Jacob S. Boreman (August 4, 1831 – October 7, 1913) was a justice of the Supreme Court of the Utah Territory from 1873 to 1880, and again from 1885 to 1889.

Born in Tyler County, Virginia (now in West Virginia), Boreman graduated from the law department of the University of Virginia in 1855. Shortly thereafter he moved to Kansas City, where in 1861 he was elected City Attorney. From 1862 to 1868 he was judge of the Common Pleas Court of Jackson County, Missouri, and was twice elected to the Missouri State Legislature. During the American Civil War, he raised a company of militia for the Union.

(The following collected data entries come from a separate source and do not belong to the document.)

(* Let $\mathcal{I}$ be a meager ideal on $\mathbf{N}$ and let $\mathscr{A}$ be a countable family of regular matrices $A=(a_{n,i})$ each satisfying $\lim_n\sum_i|a_{n,i}|=1$. Then the set $$\{x\in(0,1]: \Gamma_b^k(x,\mathcal{I},A)=\Delta_b^k \text{ for all integers } b\ge2,\ k\ge1, \text{ and all } A\in\mathscr{A}\}$$ is comeager in $(0,1]$.
   Context: For an integer $b\ge 2$ and $x\in(0,1]$, write $x=\sum_{n\ge 1} d_{b,n}(x)/b^n$ for the unique nonterminating $b$-adic expansion, with digits $d_{b,n}(x)\in\{0,\dots,b-1\}$. Let $S_b^k$ be the set of strings $\bm{s}=s_1\cdots s_k$ of length $k$ over $\{0,\dots,b-1\}$. For $\bm{s}\in S_b^k$ and $n\ge1$ put $\pi_{b,\bm{s},n}(x)=\frac{1}{n}\#\{i\in\{1,\dots,n\}: d_{b,i+j-1}(x)=s_j \text{ for all } j=1,\dots,k\}$, and $\bm{\pi}^k_{b,n}(x)=(\pi_{b,\bm{s},n}(x):\bm{s}\in S_b^k)\in\mathbf{R}^{b^k}$. Let $\Delta_b^k=\{(p_{\bm{s}})_{\bm{s}\in S_b^k}\in\mathbf{R}^{b^k}: \sum_{\bm{s}}p_{\bm{s}}=1,\ p_{\bm{s}}\ge0,\ \sum_{s_0}p_{s_0\bm{s}}=\sum_{s_k}p_{\bm{s}s_k} \text{ for all } \bm{s}\in S_b^{k-1}\}$ (concatenated strings). An ideal on $\mathbf{N}$ is a family $\mathcal{I}\subseteq\mathcal{P}(\mathbf{N})$ closed under finite unions and subsets, containing all finite sets, and $\ne\mathcal{P}(\mathbf{N})$; it is meager if it is a meager subset of $\mathcal{P}(\mathbf{N})$ with the Cantor-space topology. A regular matrix is an infinite real matrix $A=(a_{n,i})_{n,i\in\mathbf{N}}$ such that for every $d$ and every $\mathbf{R}^d$-valued sequence $\bm{z}=(\bm{z}_i)$ converging to $\bm{\eta}$, the series $A_n\bm{z}:=\sum_i a_{n,i}\bm{z}_i$ exists for all $n$ and $\lim_n A_n\bm{z}=\bm{\eta}$. For a sequence $(x_n)$ in $\mathbf{R}^d$, $\eta$ is an $\mathcal{I}$-cluster point if $\{n: x_n\in U\}\notin\mathcal{I}$ for every open neighborhood $U$ of $\eta$. With $\bm{\pi}^k_b(x)=(\bm{\pi}^k_{b,n}(x):n\ge1)$, $\Gamma_b^k(x,\mathcal{I},A)$ denotes the set of $\mathcal{I}$-cluster points of $(A_n\bm{\pi}^k_b(x):n\ge1)$. *)

theory Defs
  imports "HOL-Analysis.Analysis"
begin

definition nowhere_dense_in :: "'a topology \<Rightarrow> 'a set \<Rightarrow> bool" where
  "nowhere_dense_in X S \<longleftrightarrow> S \<subseteq> topspace X \<and> X interior_of (X closure_of S) = {}"

definition meager_in :: "'a topology \<Rightarrow> 'a set \<Rightarrow> bool" where
  "meager_in X S \<longleftrightarrow> S \<subseteq> topspace X \<and>
     (\<exists>F. countable F \<and> (\<forall>T\<in>F. nowhere_dense_in X T) \<and> S \<subseteq> \<Union>F)"

definition comeager_in :: "'a topology \<Rightarrow> 'a set \<Rightarrow> bool" where
  "comeager_in X S \<longleftrightarrow> S \<subseteq> topspace X \<and> meager_in X (topspace X - S)"

definition is_ideal :: "nat set set \<Rightarrow> bool" where
  "is_ideal I \<longleftrightarrow>
     (\<forall>A\<in>I. \<forall>B\<in>I. A \<union> B \<in> I) \<and>
     (\<forall>A\<in>I. \<forall>B. B \<subseteq> A \<longrightarrow> B \<in> I) \<and>
     (\<forall>F. finite F \<longrightarrow> F \<in> I) \<and>
     I \<noteq> UNIV"

text \<open>Cantor space: P(N) identified with nat => bool via characteristic functions,
  with the product of discrete two-point spaces.\<close>
definition cantor_space :: "(nat \<Rightarrow> bool) topology" where
  "cantor_space = product_topology (\<lambda>_. discrete_topology (UNIV :: bool set)) UNIV"

definition meager_ideal :: "nat set set \<Rightarrow> bool" where
  "meager_ideal I \<longleftrightarrow> is_ideal I \<and> meager_in cantor_space ((\<lambda>A n. n \<in> A) ` I)"

text \<open>R^d-valued sequences are encoded as z :: nat => nat => real with z i j the j-th
  coordinate (j < d) of the i-th term; convergence in R^d is coordinatewise.\<close>
definition regular_matrix :: "(nat \<Rightarrow> nat \<Rightarrow> real) \<Rightarrow> bool" where
  "regular_matrix a \<longleftrightarrow>
     (\<forall>(d::nat) (z::nat \<Rightarrow> nat \<Rightarrow> real) (\<eta>::nat \<Rightarrow> real).
        (\<forall>j<d. (\<lambda>i. z i j) \<longlonglongrightarrow> \<eta> j) \<longrightarrow>
        (\<forall>n. \<forall>j<d. summable (\<lambda>i. a n i * z i j)) \<and>
        (\<forall>j<d. (\<lambda>n. \<Sum>i. a n i * z i j) \<longlonglongrightarrow> \<eta> j))"

definition digit_seq :: "nat \<Rightarrow> real \<Rightarrow> nat \<Rightarrow> nat" where
  "digit_seq b x = (THE e. (\<forall>n. e n < b) \<and>
      (\<lambda>n. real (e n) / real b ^ Suc n) sums x \<and> (\<forall>m. \<exists>n\<ge>m. e n \<noteq> 0))"

definition digit :: "nat \<Rightarrow> nat \<Rightarrow> real \<Rightarrow> nat" where
  "digit b n x = digit_seq b x (n - 1)"

definition strings :: "nat \<Rightarrow> nat \<Rightarrow> nat list set" where
  "strings b k = {s. length s = k \<and> (\<forall>c\<in>set s. c < b)}"

text \<open>pi_{b,s,n}(x); s ! j is s_{j+1}.\<close>
definition freq :: "nat \<Rightarrow> nat list \<Rightarrow> nat \<Rightarrow> real \<Rightarrow> real" where
  "freq b s n x = real (card {i\<in>{1..n}. \<forall>j<length s. digit b (i + j) x = s ! j}) / real n"

text \<open>Vectors in R^{b^k} are represented as functions nat list => real vanishing
  outside S_b^k (product topology on nat list => real).\<close>
definition freq_vec :: "nat \<Rightarrow> nat \<Rightarrow> nat \<Rightarrow> real \<Rightarrow> nat list \<Rightarrow> real" where
  "freq_vec b k n x = (\<lambda>s. if s \<in> strings b k then freq b s n x else 0)"

text \<open>A_n pi^k_b(x): rows and columns of A indexed from 0, column i paired with
  pi^k_{b,i+1}(x).\<close>
definition mat_freq :: "(nat \<Rightarrow> nat \<Rightarrow> real) \<Rightarrow> nat \<Rightarrow> nat \<Rightarrow> real \<Rightarrow> nat \<Rightarrow> nat list \<Rightarrow> real" where
  "mat_freq a b k x n = (\<lambda>s. if s \<in> strings b k then (\<Sum>i. a n i * freq b s (Suc i) x) else 0)"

In 1873, President Ulysses S. Grant appointed Boreman associate justice of the territorial Utah Supreme Court, to which Boreman was reappointed by President Rutherford B. Hayes in 1877.

Boreman resigned from the Supreme Court Bench in 1880 to enter the practice of law in Salt Lake City, in which practice he continued until 1885, when he was again appointed to the Supreme Court of Utah. When in 1889 his term expired, he moved to Ogden where he engaged in the practice of law until 1897.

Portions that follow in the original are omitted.